In the data, find each line where the word "rect" appears and list that line.

Saved data entries:
________________________
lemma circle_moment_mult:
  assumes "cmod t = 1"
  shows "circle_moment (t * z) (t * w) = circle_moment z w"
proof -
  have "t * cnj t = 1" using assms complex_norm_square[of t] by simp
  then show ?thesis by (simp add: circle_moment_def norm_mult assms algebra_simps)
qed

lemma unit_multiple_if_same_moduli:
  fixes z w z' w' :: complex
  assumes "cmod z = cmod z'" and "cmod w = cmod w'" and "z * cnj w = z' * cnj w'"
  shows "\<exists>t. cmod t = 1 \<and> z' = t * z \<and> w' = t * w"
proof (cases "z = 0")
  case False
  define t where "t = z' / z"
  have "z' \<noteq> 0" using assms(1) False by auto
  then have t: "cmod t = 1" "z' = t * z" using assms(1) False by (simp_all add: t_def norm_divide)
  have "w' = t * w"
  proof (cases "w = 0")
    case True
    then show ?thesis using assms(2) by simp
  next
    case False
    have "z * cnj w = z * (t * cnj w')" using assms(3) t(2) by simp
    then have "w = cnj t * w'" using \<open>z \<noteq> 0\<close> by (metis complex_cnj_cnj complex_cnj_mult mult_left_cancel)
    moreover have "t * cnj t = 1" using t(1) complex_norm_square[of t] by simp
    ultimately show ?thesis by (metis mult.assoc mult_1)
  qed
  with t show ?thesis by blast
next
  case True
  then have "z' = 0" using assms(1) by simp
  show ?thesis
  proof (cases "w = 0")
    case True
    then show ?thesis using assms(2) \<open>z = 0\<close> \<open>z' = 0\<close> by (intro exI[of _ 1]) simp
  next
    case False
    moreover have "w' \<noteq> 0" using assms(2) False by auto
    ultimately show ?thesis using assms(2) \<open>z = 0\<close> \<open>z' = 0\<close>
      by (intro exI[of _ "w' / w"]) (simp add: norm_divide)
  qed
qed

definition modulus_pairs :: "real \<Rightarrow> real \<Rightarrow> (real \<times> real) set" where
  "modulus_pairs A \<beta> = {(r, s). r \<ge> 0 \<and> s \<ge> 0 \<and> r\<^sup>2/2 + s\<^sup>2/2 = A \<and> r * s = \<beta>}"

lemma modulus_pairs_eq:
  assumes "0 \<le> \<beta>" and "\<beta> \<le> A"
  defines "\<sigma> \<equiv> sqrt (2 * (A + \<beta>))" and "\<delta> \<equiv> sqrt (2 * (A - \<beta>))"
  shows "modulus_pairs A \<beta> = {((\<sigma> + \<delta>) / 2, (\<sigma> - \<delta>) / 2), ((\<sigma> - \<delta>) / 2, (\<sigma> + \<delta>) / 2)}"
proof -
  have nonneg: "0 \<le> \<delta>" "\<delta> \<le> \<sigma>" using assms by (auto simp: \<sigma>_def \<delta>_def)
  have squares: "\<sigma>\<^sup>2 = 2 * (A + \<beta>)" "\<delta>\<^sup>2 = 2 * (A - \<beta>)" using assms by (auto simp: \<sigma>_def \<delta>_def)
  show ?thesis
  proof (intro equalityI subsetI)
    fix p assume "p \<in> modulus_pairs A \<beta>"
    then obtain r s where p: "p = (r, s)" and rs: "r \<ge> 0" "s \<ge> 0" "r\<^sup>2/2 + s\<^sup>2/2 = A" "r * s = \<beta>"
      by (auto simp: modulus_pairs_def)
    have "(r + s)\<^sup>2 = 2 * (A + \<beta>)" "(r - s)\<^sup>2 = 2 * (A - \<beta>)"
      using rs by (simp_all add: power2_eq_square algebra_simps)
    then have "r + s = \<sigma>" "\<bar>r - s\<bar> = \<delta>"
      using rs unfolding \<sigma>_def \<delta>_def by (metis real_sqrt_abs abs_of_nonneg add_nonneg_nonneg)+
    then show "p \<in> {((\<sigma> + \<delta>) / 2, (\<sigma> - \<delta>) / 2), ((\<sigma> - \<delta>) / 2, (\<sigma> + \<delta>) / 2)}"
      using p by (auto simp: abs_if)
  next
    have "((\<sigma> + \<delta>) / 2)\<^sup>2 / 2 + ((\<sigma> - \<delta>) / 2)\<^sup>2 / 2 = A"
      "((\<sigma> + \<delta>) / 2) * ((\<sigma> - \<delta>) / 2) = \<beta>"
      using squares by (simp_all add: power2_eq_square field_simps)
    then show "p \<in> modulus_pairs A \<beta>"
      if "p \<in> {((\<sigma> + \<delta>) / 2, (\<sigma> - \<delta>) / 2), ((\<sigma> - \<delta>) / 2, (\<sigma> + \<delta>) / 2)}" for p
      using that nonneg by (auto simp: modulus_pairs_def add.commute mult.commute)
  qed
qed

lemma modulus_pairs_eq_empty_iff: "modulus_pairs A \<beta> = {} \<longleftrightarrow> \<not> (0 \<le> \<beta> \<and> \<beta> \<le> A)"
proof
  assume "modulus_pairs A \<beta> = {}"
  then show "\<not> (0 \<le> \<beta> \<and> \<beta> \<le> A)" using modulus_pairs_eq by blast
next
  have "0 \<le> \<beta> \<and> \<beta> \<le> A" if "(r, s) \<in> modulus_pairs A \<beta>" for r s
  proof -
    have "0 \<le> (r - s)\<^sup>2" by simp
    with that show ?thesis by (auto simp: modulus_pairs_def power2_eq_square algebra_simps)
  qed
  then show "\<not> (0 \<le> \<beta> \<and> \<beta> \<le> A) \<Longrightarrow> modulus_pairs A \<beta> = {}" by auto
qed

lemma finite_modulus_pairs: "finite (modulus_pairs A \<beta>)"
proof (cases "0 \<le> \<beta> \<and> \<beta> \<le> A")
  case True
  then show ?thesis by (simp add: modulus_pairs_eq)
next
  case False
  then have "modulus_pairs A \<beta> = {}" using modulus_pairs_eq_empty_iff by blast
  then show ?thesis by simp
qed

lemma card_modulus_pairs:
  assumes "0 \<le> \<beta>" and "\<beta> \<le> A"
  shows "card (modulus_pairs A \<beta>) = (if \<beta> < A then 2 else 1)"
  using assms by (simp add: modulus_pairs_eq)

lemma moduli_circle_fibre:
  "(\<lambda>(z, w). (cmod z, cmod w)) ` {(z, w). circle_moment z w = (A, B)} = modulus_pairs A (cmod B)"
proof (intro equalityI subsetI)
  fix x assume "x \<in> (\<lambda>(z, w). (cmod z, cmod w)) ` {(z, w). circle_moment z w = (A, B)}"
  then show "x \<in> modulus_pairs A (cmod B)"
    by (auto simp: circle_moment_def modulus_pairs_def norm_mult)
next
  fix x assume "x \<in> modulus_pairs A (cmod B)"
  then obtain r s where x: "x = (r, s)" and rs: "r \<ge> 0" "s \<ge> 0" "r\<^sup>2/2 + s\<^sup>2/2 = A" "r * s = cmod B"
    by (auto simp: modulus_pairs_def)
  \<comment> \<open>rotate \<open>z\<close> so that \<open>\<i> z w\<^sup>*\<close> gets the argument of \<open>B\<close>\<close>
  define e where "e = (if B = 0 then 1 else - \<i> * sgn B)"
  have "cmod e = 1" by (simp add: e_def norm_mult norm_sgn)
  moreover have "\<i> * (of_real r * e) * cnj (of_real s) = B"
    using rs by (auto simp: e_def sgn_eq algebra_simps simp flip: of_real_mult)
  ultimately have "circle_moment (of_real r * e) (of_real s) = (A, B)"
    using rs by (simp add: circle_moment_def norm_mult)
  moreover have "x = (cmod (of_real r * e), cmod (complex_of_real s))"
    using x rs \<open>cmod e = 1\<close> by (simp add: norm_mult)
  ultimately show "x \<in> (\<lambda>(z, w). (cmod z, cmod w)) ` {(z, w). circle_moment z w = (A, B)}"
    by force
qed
________________________
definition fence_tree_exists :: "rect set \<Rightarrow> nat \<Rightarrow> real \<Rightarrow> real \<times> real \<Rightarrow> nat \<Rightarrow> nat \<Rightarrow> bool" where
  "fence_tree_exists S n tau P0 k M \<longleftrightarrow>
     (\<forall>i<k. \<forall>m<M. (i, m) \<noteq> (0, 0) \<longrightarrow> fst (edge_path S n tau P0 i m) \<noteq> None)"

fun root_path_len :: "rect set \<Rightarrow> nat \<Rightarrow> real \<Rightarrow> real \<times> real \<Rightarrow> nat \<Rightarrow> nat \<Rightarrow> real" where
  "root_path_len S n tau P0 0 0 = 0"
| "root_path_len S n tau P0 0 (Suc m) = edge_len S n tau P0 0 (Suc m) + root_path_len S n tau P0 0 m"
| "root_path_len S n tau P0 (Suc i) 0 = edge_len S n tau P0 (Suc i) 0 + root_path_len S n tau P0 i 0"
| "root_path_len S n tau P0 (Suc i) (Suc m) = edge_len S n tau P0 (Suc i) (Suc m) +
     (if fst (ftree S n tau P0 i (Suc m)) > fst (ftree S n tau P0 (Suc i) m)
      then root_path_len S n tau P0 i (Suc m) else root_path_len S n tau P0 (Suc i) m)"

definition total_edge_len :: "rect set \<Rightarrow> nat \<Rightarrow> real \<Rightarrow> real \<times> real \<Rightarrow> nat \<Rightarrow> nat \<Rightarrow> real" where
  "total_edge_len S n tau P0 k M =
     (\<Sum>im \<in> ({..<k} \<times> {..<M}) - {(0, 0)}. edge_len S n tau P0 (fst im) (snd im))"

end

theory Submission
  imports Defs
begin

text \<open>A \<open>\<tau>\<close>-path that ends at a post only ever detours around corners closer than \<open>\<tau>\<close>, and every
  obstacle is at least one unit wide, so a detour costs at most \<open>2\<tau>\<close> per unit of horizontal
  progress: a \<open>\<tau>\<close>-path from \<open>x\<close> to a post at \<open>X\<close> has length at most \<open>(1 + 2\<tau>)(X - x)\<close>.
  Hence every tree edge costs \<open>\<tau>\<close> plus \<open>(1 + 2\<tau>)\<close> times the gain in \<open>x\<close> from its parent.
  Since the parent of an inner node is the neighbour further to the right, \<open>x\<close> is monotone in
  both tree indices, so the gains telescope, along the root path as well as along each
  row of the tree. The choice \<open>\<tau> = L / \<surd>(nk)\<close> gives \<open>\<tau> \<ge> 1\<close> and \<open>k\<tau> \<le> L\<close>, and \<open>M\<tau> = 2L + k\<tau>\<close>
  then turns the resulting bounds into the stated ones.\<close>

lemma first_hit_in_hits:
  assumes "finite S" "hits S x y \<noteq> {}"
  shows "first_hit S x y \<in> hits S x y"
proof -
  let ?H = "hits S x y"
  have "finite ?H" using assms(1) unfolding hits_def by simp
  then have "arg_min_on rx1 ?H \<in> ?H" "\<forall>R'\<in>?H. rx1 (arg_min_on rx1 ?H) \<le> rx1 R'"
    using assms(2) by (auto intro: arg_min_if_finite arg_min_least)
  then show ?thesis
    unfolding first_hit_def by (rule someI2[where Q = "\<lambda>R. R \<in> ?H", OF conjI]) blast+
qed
________________________
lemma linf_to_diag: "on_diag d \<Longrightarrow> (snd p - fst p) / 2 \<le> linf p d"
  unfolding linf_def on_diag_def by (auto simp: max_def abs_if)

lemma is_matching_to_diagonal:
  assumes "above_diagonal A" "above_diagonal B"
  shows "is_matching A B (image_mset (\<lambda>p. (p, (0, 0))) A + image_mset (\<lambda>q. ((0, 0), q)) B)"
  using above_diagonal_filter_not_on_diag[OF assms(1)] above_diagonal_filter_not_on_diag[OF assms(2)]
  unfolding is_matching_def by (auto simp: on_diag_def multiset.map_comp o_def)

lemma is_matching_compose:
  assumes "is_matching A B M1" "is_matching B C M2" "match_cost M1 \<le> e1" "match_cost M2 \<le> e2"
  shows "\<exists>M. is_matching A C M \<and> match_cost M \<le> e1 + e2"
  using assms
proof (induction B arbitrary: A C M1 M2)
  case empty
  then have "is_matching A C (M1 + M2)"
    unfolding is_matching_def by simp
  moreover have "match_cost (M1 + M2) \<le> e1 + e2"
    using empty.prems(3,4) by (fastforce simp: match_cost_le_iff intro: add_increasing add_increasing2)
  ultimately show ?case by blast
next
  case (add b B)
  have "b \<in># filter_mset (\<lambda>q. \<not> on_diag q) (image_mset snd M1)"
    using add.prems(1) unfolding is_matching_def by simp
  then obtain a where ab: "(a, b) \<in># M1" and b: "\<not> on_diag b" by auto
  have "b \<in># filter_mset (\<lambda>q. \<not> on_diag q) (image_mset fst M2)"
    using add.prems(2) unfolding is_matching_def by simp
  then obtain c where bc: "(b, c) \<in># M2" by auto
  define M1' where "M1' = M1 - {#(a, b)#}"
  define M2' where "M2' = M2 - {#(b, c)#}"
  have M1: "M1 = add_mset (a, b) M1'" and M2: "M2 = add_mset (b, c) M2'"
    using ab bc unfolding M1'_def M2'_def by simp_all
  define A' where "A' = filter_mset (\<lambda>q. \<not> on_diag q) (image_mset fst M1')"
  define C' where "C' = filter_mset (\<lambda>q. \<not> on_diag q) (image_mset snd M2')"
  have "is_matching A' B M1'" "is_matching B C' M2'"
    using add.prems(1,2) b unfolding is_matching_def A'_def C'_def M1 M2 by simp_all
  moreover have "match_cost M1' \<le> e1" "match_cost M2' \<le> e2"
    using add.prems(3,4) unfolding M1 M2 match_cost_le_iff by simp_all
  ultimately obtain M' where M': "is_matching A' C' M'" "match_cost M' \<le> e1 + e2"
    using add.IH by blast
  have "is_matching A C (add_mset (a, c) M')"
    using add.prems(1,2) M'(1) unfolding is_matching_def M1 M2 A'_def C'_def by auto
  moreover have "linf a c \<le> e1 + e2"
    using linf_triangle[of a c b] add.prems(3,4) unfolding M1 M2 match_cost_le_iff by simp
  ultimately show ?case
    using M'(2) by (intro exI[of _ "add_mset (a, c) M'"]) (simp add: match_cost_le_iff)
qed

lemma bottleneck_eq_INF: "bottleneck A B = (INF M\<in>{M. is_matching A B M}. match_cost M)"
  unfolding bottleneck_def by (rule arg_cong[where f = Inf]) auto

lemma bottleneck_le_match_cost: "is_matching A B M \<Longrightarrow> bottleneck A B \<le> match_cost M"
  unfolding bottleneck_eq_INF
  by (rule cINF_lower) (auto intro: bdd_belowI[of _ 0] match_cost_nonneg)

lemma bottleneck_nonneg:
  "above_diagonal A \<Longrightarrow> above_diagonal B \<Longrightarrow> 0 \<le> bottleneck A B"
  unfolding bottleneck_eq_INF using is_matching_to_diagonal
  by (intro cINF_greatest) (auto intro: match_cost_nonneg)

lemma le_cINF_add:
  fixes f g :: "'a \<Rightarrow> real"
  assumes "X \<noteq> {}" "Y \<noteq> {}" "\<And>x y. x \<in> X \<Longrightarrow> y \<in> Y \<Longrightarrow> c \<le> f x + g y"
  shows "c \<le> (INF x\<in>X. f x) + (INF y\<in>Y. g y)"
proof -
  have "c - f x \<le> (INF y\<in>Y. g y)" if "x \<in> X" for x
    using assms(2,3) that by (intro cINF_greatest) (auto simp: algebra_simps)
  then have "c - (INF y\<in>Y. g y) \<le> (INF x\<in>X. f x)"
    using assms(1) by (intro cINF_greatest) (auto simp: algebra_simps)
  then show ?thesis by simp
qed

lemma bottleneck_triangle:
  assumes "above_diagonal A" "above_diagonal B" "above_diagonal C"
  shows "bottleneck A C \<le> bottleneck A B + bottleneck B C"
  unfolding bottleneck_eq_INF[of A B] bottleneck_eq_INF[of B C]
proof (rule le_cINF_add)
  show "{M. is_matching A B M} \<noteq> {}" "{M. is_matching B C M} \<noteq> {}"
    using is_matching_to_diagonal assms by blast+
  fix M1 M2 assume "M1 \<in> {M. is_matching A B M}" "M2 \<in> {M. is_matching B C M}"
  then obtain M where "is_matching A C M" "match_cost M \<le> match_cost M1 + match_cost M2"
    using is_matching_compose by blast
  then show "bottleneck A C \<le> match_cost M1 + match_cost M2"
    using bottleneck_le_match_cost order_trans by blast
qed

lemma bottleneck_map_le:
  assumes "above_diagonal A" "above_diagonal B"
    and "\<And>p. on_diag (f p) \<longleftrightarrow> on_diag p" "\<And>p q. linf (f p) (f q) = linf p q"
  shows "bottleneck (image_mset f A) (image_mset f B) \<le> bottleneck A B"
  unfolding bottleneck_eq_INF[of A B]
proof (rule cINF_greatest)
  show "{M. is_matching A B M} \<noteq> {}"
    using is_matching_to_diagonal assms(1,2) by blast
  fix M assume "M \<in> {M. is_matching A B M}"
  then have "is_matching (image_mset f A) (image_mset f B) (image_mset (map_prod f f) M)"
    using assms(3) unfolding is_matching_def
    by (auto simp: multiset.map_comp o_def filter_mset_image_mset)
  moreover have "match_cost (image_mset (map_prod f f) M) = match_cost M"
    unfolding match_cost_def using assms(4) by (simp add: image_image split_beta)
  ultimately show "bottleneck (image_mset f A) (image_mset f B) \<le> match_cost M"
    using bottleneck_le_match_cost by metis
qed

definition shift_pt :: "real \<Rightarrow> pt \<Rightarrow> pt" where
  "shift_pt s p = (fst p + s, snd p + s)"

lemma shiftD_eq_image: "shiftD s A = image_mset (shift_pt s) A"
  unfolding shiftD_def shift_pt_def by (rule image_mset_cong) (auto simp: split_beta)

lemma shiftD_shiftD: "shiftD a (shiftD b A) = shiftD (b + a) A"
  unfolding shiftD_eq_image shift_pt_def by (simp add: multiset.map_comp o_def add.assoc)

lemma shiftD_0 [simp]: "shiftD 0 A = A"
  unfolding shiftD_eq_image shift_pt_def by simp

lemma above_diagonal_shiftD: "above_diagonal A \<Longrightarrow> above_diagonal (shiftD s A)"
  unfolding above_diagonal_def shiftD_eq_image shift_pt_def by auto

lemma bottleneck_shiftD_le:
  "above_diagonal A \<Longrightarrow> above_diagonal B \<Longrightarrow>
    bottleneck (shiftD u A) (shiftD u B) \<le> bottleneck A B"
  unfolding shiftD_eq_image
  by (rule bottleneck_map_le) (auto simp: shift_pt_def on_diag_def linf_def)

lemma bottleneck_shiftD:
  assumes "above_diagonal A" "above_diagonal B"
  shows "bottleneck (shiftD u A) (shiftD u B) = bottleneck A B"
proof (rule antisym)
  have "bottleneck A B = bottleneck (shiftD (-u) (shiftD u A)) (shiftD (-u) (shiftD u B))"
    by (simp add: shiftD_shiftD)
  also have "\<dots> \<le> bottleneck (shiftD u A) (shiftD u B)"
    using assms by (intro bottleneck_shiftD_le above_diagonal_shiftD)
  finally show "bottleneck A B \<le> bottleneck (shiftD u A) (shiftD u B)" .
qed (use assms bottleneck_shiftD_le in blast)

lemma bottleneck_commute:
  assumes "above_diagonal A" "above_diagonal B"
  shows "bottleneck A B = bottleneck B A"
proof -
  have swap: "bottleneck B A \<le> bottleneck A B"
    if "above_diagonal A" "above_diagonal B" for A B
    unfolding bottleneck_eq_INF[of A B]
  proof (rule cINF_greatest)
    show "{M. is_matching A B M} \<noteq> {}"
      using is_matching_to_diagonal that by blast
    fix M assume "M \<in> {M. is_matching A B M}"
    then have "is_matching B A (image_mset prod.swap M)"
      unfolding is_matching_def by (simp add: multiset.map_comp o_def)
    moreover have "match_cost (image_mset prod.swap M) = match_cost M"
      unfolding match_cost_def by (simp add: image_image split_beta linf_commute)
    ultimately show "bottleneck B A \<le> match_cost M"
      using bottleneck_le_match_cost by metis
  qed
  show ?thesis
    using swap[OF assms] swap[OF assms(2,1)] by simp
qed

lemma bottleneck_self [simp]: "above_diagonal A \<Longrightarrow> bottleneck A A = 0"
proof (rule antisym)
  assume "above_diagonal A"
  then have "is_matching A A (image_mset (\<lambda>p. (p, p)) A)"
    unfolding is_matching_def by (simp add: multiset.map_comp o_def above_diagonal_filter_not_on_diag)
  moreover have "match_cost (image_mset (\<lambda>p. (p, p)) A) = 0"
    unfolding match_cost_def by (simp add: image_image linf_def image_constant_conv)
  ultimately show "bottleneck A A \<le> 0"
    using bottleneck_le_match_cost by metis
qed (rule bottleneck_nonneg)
________________________
SOLUTION TO THIS TASK →
definition fence_tree_exists :: "rect set \<Rightarrow> nat \<Rightarrow> real \<Rightarrow> real \<times> real \<Rightarrow> nat \<Rightarrow> nat \<Rightarrow> bool" where
fun root_path_len :: "rect set \<Rightarrow> nat \<Rightarrow> real \<Rightarrow> real \<times> real \<Rightarrow> nat \<Rightarrow> nat \<Rightarrow> real" where
definition total_edge_len :: "rect set \<Rightarrow> nat \<Rightarrow> real \<Rightarrow> real \<times> real \<Rightarrow> nat \<Rightarrow> nat \<Rightarrow> real" where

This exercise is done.